The Asbestos Victims Support Group was also unable to rely on the court's "inherent jurisdiction" to obtain access to the documents sought, Lord Justice Hamblen said. Open justice "requires that the public have the same opportunity to understand the issues in a case as they would have had if the openings had been given orally", but does not extend to allowing non-parties access to trial documents generally, he said.
He accepted that there was inherent jurisdiction to allow non-parties to inspect statements of witnesses, including experts, whose evidence stands as evidence in chief at a trial. He also accepted that there was inherent jurisdiction, "based on current civil court practices", to give inspection of other documents which are read out in open court; documents which the judge is invited to read in open court; documents which the judge is specifically invited to read outside court; and documents which it is clear or stated that the judge has read.
These were "all documents which are likely to have been read out in open court had the trial been conducted orally," he said.
Skeleton arguments read by the court would also potentially be open to inspection, "provided that there is an effective public hearing in which the documents are deployed," he said. Finally, there might, Lord Justice Hamblen accepted, be some specific documents which it was "necessary for a non-party to inspect in order to meet the principle of open justice."
The Court of Appeal decided to set aside Master McCloud's order in full, as "there are so many problems raised by the terms in which the order was made". However, Lord Justice Hamblen suggested that the parties come to an agreement on the terms of an order which "reflects the categories of the requested documents which there is a right to inspect".
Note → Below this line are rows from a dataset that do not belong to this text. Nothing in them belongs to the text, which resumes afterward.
(* For every $T\in[0,\infty]$ there exists a joint strategy $\pi^*\in\Pi$ such that $$J_T(\pi^* )=\inf_{\pi\in\Pi}J_T(\pi).$$
   Context: Let $G=(V,E,A,\phi)$ be a finite connected undirected graph with node set $V$, edge set $E$, edge lengths $A:E\to\mathbb{R}_{>0}$ and node weights $\phi:V\to\mathbb{R}_{>0}$. Let $|G|$ be its metric graph (each edge $e$ realized as a closed interval of length $A(e)$ glued at its endpoints) with the shortest-path metric $d$. Fix $k\ge 1$ robots $r_1,\dots,r_k$ and equip $|G|^k$ with $d_k(p,p')=\max_{i}d(p_i,p'_i)$. The set of feasible joint strategies is $\Pi=\{\pi\in C([0,\infty),|G|^k):\ d_k(\pi(t),\pi(t'))\le |t-t'|\ \forall t,t'\ge0\}$, and we write $\pi=(\pi_{r_1},\dots,\pi_{r_k})$. For $v\in V$ and $t\ge0$ let $\tau^\pi(v,t)=\sup\{t'\le t:\ \pi_r(t')=v\text{ for some }r\}$ if this set is nonempty and $\tau^\pi(v,t)=0$ otherwise; the latency is $L^\pi_v(t)=t-\tau^\pi(v,t)$ and the instantaneous worst weighted latency is $M^\pi(t)=\max_{v\in V}\phi(v)L^\pi_v(t)$. For $T\in[0,\infty)$ set $J_T(\pi)=\sup_{t\ge T}M^\pi(t)\in[0,\infty]$, and $J_\infty(\pi)=\limsup_{t\to\infty}M^\pi(t)$. *)

theory Defs
  imports "HOL-Analysis.Analysis"
begin

definition is_walk :: "'v set set \<Rightarrow> 'v \<Rightarrow> 'v \<Rightarrow> 'v list \<Rightarrow> bool" where
  "is_walk E u w xs \<longleftrightarrow> xs \<noteq> [] \<and> hd xs = u \<and> last xs = w \<and>
     (\<forall>i. Suc i < length xs \<longrightarrow> {xs ! i, xs ! Suc i} \<in> E)"

definition walk_len :: "('v set \<Rightarrow> real) \<Rightarrow> 'v list \<Rightarrow> real" where
  "walk_len A xs = (\<Sum>i<length xs - 1. A {xs ! i, xs ! Suc i})"

definition node_dist :: "'v set set \<Rightarrow> ('v set \<Rightarrow> real) \<Rightarrow> 'v \<Rightarrow> 'v \<Rightarrow> real" where
  "node_dist E A u w = Inf {walk_len A xs | xs. is_walk E u w xs}"

definition graph_ok :: "'v set \<Rightarrow> 'v set set \<Rightarrow> ('v set \<Rightarrow> real) \<Rightarrow> ('v \<Rightarrow> real) \<Rightarrow> bool" where
  "graph_ok V E A phi \<longleftrightarrow> finite V \<and> V \<noteq> {} \<and>
     (\<forall>e\<in>E. e \<subseteq> V \<and> card e = 2 \<and> A e > 0) \<and>
     (\<forall>v\<in>V. phi v > 0) \<and>
     (\<forall>u\<in>V. \<forall>w\<in>V. \<exists>xs. is_walk E u w xs)"

text \<open>\<open>Vtx v\<close> is the node v; \<open>Mid u v s\<close> is the interior point of edge {u,v} at distance s
  from u (0 < s < A{u,v}); \<open>Mid u v s\<close> and \<open>Mid v u (A{u,v} - s)\<close> denote the same point
  (distance 0 between them).\<close>
datatype 'v mpoint = Vtx 'v | Mid 'v 'v real

definition valid_pt :: "'v set \<Rightarrow> 'v set set \<Rightarrow> ('v set \<Rightarrow> real) \<Rightarrow> 'v mpoint \<Rightarrow> bool" where
  "valid_pt V E A p = (case p of Vtx v \<Rightarrow> v \<in> V
     | Mid u v s \<Rightarrow> {u, v} \<in> E \<and> 0 < s \<and> s < A {u, v})"

fun anchors :: "('v set \<Rightarrow> real) \<Rightarrow> 'v mpoint \<Rightarrow> ('v \<times> real) set" where
  "anchors A (Vtx v) = {(v, 0)}"
| "anchors A (Mid u v s) = {(u, s), (v, A {u, v} - s)}"

text \<open>Direct travel inside a common edge.\<close>
fun direct :: "('v set \<Rightarrow> real) \<Rightarrow> 'v mpoint \<Rightarrow> 'v mpoint \<Rightarrow> real set" where
  "direct A (Mid u v s) (Mid u' v' s') =
     (if u = u' \<and> v = v' then {\<bar>s - s'\<bar>}
      else if u = v' \<and> v = u' then {\<bar>s - (A {u, v} - s')\<bar>} else {})"
| "direct A _ _ = {}"

definition mdist :: "'v set set \<Rightarrow> ('v set \<Rightarrow> real) \<Rightarrow> 'v mpoint \<Rightarrow> 'v mpoint \<Rightarrow> real" where
  "mdist E A p q = Min ((\<lambda>((x, a), (y, b)). a + node_dist E A x y + b) ` (anchors A p \<times> anchors A q)
                        \<union> direct A p q)"

definition strategies :: "'v set \<Rightarrow> 'v set set \<Rightarrow> ('v set \<Rightarrow> real) \<Rightarrow> nat \<Rightarrow> (real \<Rightarrow> nat \<Rightarrow> 'v mpoint) set" where
  "strategies V E A k = {\<pi>. (\<forall>t\<ge>0. \<forall>i<k. valid_pt V E A (\<pi> t i)) \<and>
     (\<forall>t\<ge>0. \<forall>t'\<ge>0. Max ((\<lambda>i. mdist E A (\<pi> t i) (\<pi> t' i)) ` {..<k}) \<le> \<bar>t - t'\<bar>)}"

definition last_visit :: "nat \<Rightarrow> (real \<Rightarrow> nat \<Rightarrow> 'v mpoint) \<Rightarrow> 'v \<Rightarrow> real \<Rightarrow> real" where
  "last_visit k \<pi> v t =
     (let S = {t'. 0 \<le> t' \<and> t' \<le> t \<and> (\<exists>i<k. \<pi> t' i = Vtx v)} in if S = {} then 0 else Sup S)"

definition latency :: "nat \<Rightarrow> (real \<Rightarrow> nat \<Rightarrow> 'v mpoint) \<Rightarrow> 'v \<Rightarrow> real \<Rightarrow> real" where
  "latency k \<pi> v t = t - last_visit k \<pi> v t"

definition worst_lat :: "'v set \<Rightarrow> ('v \<Rightarrow> real) \<Rightarrow> nat \<Rightarrow> (real \<Rightarrow> nat \<Rightarrow> 'v mpoint) \<Rightarrow> real \<Rightarrow> real" where
  "worst_lat V phi k \<pi> t = Max ((\<lambda>v. phi v * latency k \<pi> v t) ` V)"

definition cost :: "'v set \<Rightarrow> ('v \<Rightarrow> real) \<Rightarrow> nat \<Rightarrow> ereal \<Rightarrow> (real \<Rightarrow> nat \<Rightarrow> 'v mpoint) \<Rightarrow> ereal" where
  "cost V phi k T \<pi> =
     (if T = \<infinity> then Limsup at_top (\<lambda>t. ereal (worst_lat V phi k \<pi> t))
      else (SUP t\<in>{real_of_ereal T..}. ereal (worst_lat V phi k \<pi> t)))"

end

theory Submission
  imports Defs
begin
In light of the guidance given by the Court of Appeal, parties "particularly concerned about privacy" may wish to consider and specify in their contracts confidential ways of resolving disputes, such as arbitration or mediation, Michael Fenn said.
"On the other side of the coin, we are often asked by clients to try to obtain information about disputes to which they are not a party, but which are related in some way to another dispute or issue they have," he said. "This decision confirms that the scope for doing so is subject to limits. A successful application for documents by a non-party requires careful navigating of the applicable principles and adherence to the proper procedure."